### Exercise
In the records, find every line with the word "lemma" and copy it out.

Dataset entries
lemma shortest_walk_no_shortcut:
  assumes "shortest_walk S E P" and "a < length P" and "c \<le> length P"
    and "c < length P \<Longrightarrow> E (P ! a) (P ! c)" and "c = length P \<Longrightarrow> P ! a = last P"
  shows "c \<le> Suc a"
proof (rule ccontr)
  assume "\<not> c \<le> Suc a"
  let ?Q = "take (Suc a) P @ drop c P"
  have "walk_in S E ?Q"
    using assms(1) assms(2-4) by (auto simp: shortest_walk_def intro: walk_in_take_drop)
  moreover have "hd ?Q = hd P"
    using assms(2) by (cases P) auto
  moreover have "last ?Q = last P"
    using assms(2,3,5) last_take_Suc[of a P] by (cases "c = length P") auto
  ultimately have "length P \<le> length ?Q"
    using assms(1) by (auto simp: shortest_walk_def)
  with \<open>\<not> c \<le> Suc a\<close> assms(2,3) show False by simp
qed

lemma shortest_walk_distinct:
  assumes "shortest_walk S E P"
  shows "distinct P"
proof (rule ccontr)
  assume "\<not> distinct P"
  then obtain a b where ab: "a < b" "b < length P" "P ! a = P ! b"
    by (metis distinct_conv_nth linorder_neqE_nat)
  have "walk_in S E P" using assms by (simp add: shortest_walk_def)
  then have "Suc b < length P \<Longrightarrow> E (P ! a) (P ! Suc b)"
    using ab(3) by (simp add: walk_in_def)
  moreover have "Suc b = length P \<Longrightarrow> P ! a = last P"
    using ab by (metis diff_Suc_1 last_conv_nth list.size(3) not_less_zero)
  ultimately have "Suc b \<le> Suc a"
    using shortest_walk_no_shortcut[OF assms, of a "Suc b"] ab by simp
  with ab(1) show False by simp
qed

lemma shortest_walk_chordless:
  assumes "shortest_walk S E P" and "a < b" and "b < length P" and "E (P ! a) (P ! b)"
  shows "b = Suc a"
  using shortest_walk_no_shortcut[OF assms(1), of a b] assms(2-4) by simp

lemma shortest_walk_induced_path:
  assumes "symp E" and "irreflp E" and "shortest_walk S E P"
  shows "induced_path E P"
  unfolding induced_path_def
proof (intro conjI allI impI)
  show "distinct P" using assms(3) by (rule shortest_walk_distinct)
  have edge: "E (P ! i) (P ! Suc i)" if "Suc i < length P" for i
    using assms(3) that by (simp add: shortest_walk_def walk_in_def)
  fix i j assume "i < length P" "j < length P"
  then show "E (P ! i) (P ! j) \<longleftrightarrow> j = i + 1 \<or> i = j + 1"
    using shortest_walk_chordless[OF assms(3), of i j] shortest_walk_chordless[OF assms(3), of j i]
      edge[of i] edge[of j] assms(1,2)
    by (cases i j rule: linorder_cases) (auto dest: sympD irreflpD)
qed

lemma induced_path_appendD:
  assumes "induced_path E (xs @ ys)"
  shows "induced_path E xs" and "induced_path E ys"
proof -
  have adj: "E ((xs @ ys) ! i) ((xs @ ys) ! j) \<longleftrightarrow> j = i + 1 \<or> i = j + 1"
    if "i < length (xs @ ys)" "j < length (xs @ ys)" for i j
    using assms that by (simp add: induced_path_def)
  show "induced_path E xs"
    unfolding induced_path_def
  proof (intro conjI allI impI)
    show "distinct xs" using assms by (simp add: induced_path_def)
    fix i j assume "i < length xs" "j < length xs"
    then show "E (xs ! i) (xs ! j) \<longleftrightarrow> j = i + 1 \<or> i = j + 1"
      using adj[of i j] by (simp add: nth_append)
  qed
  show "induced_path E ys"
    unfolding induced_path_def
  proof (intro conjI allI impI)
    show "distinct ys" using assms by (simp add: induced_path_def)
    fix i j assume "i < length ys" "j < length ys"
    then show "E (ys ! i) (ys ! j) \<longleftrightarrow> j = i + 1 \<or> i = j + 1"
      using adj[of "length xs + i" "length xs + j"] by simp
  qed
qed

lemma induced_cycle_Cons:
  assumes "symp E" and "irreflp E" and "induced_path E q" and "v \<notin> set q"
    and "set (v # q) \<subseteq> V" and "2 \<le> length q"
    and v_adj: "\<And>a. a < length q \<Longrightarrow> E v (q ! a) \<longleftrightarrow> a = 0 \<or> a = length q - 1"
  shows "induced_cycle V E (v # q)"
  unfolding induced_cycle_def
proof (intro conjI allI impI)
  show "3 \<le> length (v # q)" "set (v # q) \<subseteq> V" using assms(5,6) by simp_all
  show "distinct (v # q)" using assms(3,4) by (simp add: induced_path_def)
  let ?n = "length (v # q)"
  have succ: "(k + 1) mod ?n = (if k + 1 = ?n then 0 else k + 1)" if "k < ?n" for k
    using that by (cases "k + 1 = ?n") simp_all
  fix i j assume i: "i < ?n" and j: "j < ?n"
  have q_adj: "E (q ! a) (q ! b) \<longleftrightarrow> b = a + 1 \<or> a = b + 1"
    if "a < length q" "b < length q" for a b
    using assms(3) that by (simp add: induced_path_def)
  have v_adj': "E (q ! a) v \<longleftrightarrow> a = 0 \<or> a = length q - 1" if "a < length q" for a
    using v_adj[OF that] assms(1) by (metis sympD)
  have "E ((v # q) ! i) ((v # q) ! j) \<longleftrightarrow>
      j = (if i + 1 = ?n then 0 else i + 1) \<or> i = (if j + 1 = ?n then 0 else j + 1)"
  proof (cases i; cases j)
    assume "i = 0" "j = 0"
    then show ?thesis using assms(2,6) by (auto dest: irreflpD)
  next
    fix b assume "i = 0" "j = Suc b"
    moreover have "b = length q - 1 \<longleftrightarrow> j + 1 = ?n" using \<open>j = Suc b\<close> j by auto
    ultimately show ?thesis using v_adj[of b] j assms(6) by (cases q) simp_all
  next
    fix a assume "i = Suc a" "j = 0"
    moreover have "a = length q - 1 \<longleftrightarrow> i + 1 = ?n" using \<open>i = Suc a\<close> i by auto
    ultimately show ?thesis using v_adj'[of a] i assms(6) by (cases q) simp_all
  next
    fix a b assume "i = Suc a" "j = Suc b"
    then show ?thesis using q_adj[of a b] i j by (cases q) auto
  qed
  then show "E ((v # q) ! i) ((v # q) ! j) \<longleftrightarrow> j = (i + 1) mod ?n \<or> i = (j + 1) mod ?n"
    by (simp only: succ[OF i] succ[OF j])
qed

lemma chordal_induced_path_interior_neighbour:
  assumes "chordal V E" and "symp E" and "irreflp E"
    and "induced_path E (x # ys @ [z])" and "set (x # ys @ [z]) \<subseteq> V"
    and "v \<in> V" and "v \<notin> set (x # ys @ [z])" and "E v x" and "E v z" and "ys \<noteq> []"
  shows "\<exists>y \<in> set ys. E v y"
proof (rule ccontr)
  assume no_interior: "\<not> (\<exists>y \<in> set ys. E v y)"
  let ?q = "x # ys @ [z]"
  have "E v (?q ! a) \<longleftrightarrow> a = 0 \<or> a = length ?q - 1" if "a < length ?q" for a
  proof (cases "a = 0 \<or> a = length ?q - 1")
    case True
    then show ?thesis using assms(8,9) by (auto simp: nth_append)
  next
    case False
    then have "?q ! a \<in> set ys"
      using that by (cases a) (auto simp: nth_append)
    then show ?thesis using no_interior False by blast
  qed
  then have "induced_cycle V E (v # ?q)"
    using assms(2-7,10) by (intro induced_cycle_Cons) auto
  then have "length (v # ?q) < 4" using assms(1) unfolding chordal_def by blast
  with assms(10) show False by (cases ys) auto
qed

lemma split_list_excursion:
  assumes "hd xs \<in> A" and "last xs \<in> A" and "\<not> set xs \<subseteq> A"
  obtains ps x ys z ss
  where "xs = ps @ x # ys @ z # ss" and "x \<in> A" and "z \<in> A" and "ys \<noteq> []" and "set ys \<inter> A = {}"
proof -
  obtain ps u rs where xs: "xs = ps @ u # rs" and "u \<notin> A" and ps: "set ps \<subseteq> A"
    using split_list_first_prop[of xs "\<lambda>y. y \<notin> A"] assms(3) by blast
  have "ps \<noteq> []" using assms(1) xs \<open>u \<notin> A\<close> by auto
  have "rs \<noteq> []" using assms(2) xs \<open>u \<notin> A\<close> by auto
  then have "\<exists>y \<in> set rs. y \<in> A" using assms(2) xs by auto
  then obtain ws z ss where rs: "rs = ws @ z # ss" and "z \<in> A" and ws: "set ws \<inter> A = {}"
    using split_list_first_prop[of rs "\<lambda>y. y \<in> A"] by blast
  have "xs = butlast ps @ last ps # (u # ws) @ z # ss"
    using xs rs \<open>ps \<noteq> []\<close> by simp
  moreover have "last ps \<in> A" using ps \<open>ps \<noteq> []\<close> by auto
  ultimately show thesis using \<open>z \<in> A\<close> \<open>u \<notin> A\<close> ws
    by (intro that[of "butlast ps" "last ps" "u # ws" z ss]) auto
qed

### Exercise answer
lemma shortest_walk_no_shortcut:
lemma shortest_walk_distinct:
lemma shortest_walk_chordless:
lemma shortest_walk_induced_path:
lemma induced_path_appendD:
lemma induced_cycle_Cons:
lemma chordal_induced_path_interior_neighbour:
lemma split_list_excursion:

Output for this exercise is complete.